→ **DIRECTIONS FOR THIS TASK**: Copy every line of the entries that includes the word "distinct".

Collected data
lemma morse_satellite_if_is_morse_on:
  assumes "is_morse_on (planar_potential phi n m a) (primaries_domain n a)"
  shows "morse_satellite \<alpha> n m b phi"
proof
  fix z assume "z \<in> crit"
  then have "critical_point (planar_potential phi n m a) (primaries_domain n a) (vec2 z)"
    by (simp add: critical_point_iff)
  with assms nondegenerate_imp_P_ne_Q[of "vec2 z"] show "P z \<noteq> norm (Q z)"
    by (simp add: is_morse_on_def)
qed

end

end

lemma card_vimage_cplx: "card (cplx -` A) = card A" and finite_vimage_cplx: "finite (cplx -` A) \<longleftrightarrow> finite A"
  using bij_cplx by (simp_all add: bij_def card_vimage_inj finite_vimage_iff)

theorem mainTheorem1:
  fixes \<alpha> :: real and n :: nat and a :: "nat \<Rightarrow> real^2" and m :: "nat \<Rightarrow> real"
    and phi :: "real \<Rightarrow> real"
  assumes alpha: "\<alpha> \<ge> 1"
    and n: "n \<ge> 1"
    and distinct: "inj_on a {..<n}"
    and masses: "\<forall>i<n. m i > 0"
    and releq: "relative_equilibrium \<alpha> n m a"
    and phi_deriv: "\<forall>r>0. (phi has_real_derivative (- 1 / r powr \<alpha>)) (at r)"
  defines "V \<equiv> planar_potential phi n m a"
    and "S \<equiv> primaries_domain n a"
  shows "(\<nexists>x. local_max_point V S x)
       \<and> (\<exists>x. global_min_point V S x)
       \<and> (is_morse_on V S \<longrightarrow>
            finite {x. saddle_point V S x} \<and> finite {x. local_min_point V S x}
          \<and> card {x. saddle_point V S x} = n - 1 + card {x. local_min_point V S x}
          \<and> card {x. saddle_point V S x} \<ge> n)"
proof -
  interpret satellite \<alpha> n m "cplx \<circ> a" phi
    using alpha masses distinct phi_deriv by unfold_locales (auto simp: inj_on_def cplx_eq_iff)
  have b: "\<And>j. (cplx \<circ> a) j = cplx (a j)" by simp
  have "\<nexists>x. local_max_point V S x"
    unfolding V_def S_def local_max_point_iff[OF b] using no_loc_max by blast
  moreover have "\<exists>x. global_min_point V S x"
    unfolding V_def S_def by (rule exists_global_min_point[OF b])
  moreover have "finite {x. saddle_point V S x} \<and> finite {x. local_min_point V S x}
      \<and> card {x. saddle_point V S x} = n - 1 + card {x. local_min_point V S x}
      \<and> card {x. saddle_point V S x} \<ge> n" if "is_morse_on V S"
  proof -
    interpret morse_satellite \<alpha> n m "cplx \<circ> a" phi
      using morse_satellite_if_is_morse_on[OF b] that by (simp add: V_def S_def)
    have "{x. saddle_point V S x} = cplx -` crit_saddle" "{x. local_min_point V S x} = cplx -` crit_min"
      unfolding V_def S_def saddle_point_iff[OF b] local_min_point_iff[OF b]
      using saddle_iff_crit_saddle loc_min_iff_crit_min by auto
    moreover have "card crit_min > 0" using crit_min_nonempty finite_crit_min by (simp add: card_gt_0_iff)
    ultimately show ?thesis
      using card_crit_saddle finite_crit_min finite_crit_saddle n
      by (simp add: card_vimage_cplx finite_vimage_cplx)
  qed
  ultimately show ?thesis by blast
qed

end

--

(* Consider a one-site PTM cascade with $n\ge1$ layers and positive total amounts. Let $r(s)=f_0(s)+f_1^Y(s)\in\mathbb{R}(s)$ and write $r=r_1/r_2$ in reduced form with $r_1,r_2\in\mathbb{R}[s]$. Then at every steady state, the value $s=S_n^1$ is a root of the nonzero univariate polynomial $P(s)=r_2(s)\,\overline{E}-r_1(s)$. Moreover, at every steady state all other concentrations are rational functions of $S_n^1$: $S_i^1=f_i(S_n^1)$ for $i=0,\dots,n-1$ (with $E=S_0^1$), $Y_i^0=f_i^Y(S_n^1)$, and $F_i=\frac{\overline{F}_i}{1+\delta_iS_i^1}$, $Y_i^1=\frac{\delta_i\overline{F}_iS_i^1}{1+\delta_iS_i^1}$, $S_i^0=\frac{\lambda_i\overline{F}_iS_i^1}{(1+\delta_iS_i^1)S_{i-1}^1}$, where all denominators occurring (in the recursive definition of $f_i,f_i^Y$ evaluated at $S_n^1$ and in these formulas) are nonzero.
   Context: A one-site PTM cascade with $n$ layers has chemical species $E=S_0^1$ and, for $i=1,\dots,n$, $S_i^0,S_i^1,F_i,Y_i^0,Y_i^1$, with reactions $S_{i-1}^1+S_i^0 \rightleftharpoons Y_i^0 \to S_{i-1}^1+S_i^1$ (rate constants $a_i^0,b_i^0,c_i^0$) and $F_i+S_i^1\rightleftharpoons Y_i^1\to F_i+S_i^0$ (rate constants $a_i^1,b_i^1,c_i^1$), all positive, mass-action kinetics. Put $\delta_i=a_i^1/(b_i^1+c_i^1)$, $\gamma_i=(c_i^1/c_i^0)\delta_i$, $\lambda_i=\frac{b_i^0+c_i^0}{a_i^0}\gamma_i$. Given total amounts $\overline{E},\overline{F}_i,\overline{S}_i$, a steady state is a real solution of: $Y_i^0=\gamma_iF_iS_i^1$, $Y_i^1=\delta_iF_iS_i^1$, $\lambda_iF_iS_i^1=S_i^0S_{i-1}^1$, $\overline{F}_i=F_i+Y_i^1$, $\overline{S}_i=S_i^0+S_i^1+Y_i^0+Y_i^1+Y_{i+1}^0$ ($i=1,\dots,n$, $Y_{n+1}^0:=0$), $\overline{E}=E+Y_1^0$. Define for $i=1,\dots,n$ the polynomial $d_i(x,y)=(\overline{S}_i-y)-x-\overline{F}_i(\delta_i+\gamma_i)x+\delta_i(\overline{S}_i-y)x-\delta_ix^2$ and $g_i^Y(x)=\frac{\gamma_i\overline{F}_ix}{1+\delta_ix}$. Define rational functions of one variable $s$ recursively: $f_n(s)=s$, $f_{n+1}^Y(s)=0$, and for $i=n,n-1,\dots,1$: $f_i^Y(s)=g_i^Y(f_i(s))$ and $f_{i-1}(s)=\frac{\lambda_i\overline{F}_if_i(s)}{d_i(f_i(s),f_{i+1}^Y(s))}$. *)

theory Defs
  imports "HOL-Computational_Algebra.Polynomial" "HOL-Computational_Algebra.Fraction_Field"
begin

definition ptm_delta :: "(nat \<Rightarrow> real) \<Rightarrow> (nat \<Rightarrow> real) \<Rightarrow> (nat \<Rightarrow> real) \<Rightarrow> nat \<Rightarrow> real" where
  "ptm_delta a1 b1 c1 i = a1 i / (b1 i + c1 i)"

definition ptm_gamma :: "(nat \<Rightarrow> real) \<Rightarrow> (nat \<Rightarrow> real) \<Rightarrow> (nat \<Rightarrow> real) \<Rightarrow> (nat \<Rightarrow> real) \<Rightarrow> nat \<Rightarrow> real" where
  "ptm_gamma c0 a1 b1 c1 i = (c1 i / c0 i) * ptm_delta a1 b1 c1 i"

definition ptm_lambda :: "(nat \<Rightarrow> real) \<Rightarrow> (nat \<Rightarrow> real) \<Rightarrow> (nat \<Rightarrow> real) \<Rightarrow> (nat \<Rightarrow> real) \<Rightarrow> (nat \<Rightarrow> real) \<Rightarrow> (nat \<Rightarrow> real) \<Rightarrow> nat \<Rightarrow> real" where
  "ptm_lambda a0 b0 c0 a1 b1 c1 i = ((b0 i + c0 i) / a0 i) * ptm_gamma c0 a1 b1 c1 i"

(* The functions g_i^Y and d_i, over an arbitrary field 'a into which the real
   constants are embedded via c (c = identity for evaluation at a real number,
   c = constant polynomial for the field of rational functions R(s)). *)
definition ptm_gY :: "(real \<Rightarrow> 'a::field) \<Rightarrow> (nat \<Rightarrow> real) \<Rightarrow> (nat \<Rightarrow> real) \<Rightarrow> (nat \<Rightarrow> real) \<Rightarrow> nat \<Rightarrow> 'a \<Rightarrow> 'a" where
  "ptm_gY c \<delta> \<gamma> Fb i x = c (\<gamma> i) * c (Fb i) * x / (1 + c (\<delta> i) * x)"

→ **RESPONSE TO THIS TASK**:
    and distinct: "inj_on a {..<n}"
    using alpha masses distinct phi_deriv by unfold_locales (auto simp: inj_on_def cplx_eq_iff)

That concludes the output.